Pull each line holding "Longrightarrow" out of the entries below.
BEGIN Exercise data
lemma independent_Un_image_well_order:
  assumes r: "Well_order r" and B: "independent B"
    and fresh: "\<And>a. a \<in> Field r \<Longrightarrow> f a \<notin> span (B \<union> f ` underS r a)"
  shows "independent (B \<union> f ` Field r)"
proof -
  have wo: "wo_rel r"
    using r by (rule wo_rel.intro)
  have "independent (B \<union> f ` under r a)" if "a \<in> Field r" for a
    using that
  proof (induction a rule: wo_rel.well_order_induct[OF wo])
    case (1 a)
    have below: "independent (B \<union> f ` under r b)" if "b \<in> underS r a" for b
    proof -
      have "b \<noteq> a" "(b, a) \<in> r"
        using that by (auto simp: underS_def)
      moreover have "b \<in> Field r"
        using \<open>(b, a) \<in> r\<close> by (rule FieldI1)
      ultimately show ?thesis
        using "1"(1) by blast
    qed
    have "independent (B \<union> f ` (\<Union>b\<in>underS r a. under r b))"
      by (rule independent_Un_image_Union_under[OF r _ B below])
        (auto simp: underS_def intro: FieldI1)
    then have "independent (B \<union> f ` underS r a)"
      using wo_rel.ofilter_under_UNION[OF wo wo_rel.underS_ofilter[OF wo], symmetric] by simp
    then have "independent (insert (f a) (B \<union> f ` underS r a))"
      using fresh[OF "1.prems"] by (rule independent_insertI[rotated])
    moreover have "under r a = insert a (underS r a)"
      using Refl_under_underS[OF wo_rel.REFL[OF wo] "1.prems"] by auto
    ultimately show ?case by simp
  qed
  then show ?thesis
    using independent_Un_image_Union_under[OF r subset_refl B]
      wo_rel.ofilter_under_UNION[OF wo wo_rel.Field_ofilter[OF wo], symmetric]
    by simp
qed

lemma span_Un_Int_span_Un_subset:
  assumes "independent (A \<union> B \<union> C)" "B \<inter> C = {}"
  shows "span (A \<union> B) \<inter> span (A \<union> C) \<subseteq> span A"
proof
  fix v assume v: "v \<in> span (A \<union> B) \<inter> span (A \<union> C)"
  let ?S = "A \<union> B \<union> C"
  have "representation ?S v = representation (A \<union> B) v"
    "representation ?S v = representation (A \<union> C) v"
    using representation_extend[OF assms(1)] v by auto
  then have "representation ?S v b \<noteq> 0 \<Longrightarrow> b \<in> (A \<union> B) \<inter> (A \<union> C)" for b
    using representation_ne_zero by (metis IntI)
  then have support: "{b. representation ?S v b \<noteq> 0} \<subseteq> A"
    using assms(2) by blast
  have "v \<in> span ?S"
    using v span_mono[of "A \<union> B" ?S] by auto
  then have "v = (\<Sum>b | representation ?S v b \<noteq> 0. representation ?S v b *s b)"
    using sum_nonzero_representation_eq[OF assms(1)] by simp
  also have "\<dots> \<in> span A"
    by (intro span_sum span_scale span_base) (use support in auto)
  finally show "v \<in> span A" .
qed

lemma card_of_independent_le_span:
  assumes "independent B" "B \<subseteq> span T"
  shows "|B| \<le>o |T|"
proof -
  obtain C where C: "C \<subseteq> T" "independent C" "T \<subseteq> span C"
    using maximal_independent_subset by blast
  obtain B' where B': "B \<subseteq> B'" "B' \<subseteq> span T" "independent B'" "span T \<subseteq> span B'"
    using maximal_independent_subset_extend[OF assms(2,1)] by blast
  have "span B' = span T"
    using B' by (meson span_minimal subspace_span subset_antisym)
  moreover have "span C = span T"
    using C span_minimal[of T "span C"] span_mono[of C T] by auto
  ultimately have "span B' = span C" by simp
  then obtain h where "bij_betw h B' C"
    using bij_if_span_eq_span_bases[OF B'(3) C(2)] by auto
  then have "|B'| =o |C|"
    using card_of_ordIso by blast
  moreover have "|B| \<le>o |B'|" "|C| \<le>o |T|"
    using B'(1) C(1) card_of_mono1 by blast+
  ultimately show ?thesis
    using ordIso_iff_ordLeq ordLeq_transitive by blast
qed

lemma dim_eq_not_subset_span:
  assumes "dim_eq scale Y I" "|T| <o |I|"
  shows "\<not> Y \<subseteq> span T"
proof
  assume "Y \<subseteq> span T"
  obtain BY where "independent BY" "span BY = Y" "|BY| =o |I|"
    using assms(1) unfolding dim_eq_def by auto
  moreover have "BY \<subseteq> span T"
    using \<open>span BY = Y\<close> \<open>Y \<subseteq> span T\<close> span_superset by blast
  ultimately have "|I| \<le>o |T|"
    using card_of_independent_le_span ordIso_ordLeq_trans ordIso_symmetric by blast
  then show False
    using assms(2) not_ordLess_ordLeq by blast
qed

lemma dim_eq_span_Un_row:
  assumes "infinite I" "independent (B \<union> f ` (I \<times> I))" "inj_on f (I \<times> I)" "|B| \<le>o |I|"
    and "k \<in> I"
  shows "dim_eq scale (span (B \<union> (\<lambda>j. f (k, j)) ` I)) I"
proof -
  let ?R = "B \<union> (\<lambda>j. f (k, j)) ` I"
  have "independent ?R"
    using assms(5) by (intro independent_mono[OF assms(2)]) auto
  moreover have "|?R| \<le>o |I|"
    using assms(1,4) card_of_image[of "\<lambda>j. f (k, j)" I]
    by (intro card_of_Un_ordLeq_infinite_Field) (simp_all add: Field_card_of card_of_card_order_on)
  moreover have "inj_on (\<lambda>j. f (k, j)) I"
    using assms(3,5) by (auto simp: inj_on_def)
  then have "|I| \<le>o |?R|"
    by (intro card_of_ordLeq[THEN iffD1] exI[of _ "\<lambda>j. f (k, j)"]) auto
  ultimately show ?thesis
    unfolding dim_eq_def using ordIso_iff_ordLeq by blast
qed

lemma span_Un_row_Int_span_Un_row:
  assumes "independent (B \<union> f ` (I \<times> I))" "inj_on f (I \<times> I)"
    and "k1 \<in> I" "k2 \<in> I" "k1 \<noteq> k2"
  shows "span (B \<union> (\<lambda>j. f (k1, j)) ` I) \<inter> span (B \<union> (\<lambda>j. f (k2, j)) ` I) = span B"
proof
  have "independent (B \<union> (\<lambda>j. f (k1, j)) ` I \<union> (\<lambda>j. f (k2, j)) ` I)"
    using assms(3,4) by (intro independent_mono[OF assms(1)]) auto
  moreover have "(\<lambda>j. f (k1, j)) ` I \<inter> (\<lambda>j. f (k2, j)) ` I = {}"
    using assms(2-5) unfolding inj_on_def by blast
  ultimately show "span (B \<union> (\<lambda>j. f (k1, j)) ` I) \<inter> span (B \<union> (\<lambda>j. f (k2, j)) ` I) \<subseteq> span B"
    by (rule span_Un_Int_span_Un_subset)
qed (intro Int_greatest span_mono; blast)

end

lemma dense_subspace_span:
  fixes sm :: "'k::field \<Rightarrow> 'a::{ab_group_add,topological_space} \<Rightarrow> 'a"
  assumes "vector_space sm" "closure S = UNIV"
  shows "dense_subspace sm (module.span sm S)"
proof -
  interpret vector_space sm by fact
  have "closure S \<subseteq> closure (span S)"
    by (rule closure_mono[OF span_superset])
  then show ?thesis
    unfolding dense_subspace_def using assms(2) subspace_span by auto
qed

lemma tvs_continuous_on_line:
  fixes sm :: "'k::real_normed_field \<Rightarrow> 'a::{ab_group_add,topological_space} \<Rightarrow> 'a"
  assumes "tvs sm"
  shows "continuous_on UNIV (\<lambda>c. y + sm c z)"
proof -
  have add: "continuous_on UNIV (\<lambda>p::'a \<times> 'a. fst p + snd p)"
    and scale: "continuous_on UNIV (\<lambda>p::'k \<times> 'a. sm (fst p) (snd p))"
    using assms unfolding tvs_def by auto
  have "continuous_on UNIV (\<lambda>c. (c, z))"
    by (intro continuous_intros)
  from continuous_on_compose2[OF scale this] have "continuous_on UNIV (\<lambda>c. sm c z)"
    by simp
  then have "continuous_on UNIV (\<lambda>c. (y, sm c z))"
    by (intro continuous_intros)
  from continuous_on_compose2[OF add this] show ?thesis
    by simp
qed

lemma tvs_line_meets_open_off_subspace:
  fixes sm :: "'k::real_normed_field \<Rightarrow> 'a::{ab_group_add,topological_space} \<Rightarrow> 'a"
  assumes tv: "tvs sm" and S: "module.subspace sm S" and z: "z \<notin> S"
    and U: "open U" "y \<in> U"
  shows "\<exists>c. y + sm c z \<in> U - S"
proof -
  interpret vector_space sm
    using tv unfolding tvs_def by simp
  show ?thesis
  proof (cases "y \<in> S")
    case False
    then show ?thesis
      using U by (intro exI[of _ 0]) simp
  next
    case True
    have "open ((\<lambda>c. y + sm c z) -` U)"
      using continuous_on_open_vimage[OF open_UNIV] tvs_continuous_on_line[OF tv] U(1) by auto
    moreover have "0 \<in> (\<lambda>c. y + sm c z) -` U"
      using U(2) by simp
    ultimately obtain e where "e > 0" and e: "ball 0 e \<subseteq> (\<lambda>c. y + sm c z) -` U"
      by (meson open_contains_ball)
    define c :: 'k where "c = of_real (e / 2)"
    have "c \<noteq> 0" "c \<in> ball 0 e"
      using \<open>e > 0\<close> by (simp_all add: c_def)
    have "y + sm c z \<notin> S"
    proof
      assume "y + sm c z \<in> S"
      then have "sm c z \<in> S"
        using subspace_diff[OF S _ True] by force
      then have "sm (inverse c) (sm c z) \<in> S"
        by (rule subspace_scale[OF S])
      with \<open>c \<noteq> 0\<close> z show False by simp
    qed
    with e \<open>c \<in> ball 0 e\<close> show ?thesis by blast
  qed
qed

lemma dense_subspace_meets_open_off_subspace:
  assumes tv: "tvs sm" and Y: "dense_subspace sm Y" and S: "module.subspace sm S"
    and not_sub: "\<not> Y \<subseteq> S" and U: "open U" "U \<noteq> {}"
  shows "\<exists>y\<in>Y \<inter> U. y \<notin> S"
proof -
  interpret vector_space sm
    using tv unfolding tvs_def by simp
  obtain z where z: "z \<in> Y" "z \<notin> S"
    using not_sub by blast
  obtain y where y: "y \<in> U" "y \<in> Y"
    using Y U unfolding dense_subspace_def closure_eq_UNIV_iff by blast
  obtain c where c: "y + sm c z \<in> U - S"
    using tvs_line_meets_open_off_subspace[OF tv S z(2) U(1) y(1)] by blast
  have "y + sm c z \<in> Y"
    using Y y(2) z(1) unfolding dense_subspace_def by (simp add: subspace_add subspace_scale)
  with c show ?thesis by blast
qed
END Exercise data
BEGIN Exercise data
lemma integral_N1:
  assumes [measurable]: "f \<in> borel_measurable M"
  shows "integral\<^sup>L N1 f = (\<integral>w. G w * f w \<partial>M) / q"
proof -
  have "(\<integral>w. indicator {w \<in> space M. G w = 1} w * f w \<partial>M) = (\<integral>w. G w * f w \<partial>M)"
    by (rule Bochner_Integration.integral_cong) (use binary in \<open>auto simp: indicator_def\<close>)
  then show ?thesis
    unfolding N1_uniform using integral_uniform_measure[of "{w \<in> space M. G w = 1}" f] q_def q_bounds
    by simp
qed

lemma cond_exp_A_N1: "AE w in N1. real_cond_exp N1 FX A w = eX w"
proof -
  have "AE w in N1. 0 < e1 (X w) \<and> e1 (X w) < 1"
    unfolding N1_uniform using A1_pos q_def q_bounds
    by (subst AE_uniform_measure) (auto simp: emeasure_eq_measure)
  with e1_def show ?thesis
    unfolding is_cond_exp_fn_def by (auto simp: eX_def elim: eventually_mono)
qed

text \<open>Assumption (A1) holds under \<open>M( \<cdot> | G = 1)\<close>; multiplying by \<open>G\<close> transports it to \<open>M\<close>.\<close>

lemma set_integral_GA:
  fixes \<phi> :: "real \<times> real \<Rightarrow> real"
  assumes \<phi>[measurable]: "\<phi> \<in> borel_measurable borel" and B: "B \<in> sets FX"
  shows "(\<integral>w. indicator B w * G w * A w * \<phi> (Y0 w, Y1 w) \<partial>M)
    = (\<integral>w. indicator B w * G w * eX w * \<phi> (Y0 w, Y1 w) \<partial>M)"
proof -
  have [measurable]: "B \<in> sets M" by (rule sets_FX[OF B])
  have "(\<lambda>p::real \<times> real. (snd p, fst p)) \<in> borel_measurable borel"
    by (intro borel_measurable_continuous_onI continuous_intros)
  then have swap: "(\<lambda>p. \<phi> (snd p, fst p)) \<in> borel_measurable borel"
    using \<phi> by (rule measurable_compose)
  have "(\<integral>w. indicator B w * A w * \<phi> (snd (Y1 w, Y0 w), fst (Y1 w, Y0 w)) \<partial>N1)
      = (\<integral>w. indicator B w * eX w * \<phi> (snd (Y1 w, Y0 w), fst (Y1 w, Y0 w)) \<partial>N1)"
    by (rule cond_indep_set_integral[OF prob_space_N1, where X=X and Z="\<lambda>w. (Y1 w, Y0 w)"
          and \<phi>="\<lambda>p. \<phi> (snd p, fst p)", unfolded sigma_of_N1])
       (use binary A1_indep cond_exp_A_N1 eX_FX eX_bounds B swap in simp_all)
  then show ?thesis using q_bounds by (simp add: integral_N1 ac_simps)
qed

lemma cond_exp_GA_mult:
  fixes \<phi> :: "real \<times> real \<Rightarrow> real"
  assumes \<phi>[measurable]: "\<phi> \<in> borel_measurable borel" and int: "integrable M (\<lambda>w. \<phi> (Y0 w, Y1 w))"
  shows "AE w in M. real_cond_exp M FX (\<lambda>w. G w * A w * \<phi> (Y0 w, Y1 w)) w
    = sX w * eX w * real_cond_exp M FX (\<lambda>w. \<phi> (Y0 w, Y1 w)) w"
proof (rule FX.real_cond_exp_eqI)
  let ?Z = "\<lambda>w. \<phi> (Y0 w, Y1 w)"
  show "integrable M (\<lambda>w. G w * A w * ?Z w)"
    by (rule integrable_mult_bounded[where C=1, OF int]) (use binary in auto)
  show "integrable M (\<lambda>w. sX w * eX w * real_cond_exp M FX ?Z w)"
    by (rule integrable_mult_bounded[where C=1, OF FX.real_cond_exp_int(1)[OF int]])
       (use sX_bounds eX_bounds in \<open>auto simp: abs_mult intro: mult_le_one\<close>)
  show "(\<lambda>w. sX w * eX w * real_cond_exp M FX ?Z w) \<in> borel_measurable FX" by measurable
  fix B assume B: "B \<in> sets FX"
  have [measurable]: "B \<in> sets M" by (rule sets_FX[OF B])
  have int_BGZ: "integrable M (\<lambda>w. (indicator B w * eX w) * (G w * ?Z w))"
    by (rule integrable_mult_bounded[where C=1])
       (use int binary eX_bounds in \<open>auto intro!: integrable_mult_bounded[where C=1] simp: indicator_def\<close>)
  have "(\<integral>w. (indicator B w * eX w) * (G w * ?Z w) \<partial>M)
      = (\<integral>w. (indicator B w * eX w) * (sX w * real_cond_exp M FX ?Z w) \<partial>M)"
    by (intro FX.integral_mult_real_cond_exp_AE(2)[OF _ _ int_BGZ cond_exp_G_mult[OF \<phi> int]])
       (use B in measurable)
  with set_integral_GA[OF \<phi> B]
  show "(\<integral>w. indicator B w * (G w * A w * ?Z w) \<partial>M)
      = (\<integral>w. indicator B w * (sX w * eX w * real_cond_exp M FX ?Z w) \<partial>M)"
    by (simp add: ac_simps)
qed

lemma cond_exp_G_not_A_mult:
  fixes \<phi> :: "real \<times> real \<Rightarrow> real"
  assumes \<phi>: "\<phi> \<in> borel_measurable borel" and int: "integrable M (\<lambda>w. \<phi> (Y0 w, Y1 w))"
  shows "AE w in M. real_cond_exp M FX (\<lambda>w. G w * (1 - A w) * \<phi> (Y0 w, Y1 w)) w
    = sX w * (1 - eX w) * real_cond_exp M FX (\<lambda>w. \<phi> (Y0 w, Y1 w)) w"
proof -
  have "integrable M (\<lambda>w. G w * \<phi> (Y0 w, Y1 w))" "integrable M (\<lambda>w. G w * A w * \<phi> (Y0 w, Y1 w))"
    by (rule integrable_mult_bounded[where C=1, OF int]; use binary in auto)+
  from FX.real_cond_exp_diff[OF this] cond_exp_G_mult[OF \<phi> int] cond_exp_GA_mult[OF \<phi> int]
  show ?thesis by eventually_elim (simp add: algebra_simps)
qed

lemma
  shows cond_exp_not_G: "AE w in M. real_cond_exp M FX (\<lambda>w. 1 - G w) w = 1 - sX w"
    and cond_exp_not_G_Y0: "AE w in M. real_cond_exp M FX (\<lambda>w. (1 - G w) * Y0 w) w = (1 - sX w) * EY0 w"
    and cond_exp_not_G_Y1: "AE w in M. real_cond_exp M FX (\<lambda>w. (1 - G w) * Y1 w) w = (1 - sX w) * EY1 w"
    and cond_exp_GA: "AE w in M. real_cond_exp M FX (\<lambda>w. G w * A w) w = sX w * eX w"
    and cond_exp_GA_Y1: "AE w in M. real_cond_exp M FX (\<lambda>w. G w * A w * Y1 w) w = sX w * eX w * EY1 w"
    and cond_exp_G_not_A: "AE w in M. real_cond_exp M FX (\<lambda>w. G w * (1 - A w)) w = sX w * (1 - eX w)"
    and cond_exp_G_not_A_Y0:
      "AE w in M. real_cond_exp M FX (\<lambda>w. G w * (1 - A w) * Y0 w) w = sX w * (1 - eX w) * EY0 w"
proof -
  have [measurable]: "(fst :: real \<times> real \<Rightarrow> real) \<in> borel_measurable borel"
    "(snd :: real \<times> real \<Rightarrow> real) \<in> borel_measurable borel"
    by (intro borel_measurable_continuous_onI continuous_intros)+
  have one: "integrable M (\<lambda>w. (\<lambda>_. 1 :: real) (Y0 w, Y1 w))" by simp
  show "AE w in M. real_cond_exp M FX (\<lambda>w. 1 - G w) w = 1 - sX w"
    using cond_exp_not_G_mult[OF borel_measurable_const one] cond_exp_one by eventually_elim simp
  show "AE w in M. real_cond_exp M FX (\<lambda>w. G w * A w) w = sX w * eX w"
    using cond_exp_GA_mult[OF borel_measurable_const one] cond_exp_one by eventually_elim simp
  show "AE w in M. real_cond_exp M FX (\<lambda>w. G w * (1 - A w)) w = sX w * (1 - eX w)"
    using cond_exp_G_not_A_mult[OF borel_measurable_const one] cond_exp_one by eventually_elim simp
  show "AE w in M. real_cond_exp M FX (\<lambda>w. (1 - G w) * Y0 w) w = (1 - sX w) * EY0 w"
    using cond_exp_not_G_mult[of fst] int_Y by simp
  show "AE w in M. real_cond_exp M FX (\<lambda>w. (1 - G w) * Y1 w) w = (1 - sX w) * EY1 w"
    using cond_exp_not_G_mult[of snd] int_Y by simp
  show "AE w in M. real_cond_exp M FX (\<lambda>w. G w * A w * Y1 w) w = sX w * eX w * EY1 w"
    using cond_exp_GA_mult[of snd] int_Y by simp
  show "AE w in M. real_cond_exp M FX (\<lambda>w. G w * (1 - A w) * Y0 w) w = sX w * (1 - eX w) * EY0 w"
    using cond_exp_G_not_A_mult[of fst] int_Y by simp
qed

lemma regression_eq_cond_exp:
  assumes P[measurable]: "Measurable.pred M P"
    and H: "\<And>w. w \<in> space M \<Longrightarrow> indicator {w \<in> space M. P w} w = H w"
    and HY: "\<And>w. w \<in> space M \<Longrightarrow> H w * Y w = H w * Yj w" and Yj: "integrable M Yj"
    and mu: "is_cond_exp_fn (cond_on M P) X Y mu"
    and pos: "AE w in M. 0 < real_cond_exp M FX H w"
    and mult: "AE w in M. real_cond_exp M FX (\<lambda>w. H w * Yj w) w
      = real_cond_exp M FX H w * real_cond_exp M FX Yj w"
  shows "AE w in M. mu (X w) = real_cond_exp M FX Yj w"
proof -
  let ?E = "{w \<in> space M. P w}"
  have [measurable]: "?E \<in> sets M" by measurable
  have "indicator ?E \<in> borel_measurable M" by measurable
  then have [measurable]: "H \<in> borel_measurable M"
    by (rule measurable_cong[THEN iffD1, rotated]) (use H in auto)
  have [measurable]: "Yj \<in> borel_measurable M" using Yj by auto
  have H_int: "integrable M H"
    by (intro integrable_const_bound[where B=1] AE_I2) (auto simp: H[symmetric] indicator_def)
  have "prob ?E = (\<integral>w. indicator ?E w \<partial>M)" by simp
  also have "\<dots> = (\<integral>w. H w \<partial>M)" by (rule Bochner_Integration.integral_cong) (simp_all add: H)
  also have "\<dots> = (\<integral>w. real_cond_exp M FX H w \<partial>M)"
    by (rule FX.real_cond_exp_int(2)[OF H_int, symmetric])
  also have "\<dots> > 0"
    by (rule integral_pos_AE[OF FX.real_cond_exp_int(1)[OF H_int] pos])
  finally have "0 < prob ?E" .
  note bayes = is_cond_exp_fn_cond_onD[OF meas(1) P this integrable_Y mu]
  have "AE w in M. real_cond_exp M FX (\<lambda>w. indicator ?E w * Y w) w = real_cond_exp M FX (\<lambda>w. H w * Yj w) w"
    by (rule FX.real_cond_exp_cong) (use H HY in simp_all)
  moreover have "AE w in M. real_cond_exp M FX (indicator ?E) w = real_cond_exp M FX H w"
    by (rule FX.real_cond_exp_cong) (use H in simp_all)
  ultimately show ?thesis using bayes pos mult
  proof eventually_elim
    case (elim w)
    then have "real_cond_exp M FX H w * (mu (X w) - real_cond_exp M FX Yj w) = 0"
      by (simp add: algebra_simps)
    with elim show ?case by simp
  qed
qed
END Exercise data
Result of this task:
    and fresh: "\<And>a. a \<in> Field r \<Longrightarrow> f a \<notin> span (B \<union> f ` underS r a)"
  then have "representation ?S v b \<noteq> 0 \<Longrightarrow> b \<in> (A \<union> B) \<inter> (A \<union> C)" for b
    and H: "\<And>w. w \<in> space M \<Longrightarrow> indicator {w \<in> space M. P w} w = H w"
    and HY: "\<And>w. w \<in> space M \<Longrightarrow> H w * Y w = H w * Yj w" and Yj: "integrable M Yj"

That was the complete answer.